Understanding and Resolving Linux Kernel Soft Lockup Issues

Understanding Linux Kernel Soft Lockup: Symptoms and Diagnosis

Symptoms of a Soft Lockup

A soft lockup occurs when a CPU is unable to schedule tasks for an extended period, typically due to a non-preemptible loop or improper spinlock usage. Common symptoms include:

System unresponsiveness or complete freeze
Kernel log messages such as “CPU[0] has been soft locked up” in dmesg
High CPU usage by a single process with no apparent cause
Failure of the watchdog timer to trigger a hard lockup panic

Root Cause Analysis

Soft lockups are triggered by the kernel’s watchdog mechanism, which monitors CPU activity. The watchdog checks for non-preemptible CPU usage exceeding 120 seconds. Key root causes include:

Improperly held spinlocks in kernel modules or drivers
Busy-wait loops without yielding the CPU
Uninterruptible sleep (D-state) processes blocking critical threads
Kernel bugs in scheduling or interrupt handling

The watchdog timer is configured via the CONFIG_LOCKUP_DETECTOR kernel option. When a CPU fails to schedule a task during this window, the kernel logs a soft lockup warning.

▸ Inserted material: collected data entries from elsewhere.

lemma homotopic_order_complex_maps:
  fixes lt :: "'a \<Rightarrow> 'a \<Rightarrow> bool" and lt' :: "'b \<Rightarrow> 'b \<Rightarrow> bool"
  assumes "finite P" "finite Q" "transp lt" "irreflp lt" "transp lt'"
    and maps: "g ` P \<subseteq> Q" "h ` P \<subseteq> Q"
    and mono: "monotone_on P lt\<^sup>=\<^sup>= lt'\<^sup>=\<^sup>= g" "monotone_on P lt\<^sup>=\<^sup>= lt'\<^sup>=\<^sup>= h"
    and le: "\<And>p. p \<in> P \<Longrightarrow> lt'\<^sup>=\<^sup>= (g p) (h p)"
  shows "homotopic_with_canon (\<lambda>_. True) (order_complex_realization P lt) (order_complex_realization Q lt')
           (order_complex_map P g) (order_complex_map P h)"
proof -
  define H where "H z = (\<lambda>q. order_complex_map P g (sweep_lower P lt (fst z) (snd z)) q
      + order_complex_map P h (\<lambda>p. snd z p - sweep_lower P lt (fst z) (snd z) p) q)"
    for z :: "real \<times> ('a \<Rightarrow> real)"
  have "continuous_on UNIV H"
    unfolding H_def by (intro continuous_on_coordinatewise_then_product continuous_intros)
  then have cont: "continuous_on ({0..1} \<times> order_complex_realization P lt) H"
    by (rule continuous_on_subset) simp
  have mem: "H (t, x) \<in> order_complex_realization Q lt'" if x: "x \<in> order_complex_realization P lt" for t x
    unfolding H_def fst_conv snd_conv
  proof (rule order_complex_map_add_mem[OF assms(1,2,5) x _ _ _ _ maps mono le])
    show "0 \<le> sweep_lower P lt t x p" for p
      by (rule sweep_lower_nonneg)
    show "0 \<le> x p - sweep_lower P lt t x p" for p
      using sweep_lower_le[of x p] order_complex_realizationD(1)[OF x, of p] by simp
    show "lt\<^sup>=\<^sup>= a b" if "0 < sweep_lower P lt t x a" "0 < x b - sweep_lower P lt t x b" for a b
      using sweep_lower_below_rest[OF assms(1,3,4) x] that by simp
  qed simp
  have start: "H (0, x) = order_complex_map P g x" and finish: "H (1, x) = order_complex_map P h x"
    if "x \<in> order_complex_realization P lt" for x
    using that by (simp_all add: H_def sweep_lower_start[OF assms(1,4)] sweep_lower_end
        order_complex_map_def fun_eq_iff)
  show ?thesis
    by (subst homotopic_with; simp)
      (use cont mem start finish in \<open>auto intro!: exI[of _ H]
         simp: continuous_map_subtopology_eu subtopology_Times[symmetric]\<close>)
qed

Example Code: A Faulty Kernel Module

Consider the following kernel module snippet that causes a soft lockup:

#include <linux/module.h> #include <linux/kernel.h> #include <linux/init.h>


static void *long_loop(void *data) {

    while (1) {

        /* No yield or preemption point */

        printk(KERN_INFO "Soft lockup test module running...\n");

    }

    return NULL;

}
static int __init softlock_init(void) {

    kernel_thread(long_loop, NULL, 0);

    return 0;

}
static void __exit softlock_exit(void) {

    printk(KERN_INFO "Soft lockup module unloaded.\n");

}

module_init(softlock_init); module_exit(softlock_exit); MODULE_LICENSE("GPL");

This module spawns a kernel thread that enters an infinite loop without yielding, causing the CPU to remain in a non-preemptible state.

Diagnosis Tools and Techniques

Use the following tools to identify and troubleshoot soft lockups:

dmesg to check kernel logs for soft lockup warnings
perf for real-time CPU profiling and identifying hot loops
ps and top to inspect processes in D-state
/proc/softlockup for watchdog timer statistics
gdb or kgdb for kernel debugging

For example, a dmesg output might show:

[ 123.456789] CPU[0] has been soft locked up for 121.45 seconds! Stack: ...

Step-by-Step Solution: Fixing a Soft Lockup

To resolve a soft lockup issue, follow these steps:

Identify the Affected CPU: Use mpstat or top to determine which CPU is experiencing the lockup.
Check Kernel Logs: Run dmesg | grep "soft lockup" to locate the timestamp and stack trace of the issue.
Analyze with perf: Execute perf record -a -g sleep 10 to capture CPU activity and inspect for non-preemptible loops.
Examine Process States: Use ps -el | grep D to find processes in uninterruptible sleep that may be blocking resources.
Debug with kgdb: Load the kernel’s vmlinux file into kgdb and inspect the stack trace of the locked CPU.
Modify the Code: Introduce preemption points (e.g., schedule() or msleep()) in long-running loops to avoid prolonged CPU occupancy.
Test and Validate: Rebuild the kernel module, load it, and monitor with perf or top to ensure the issue is resolved.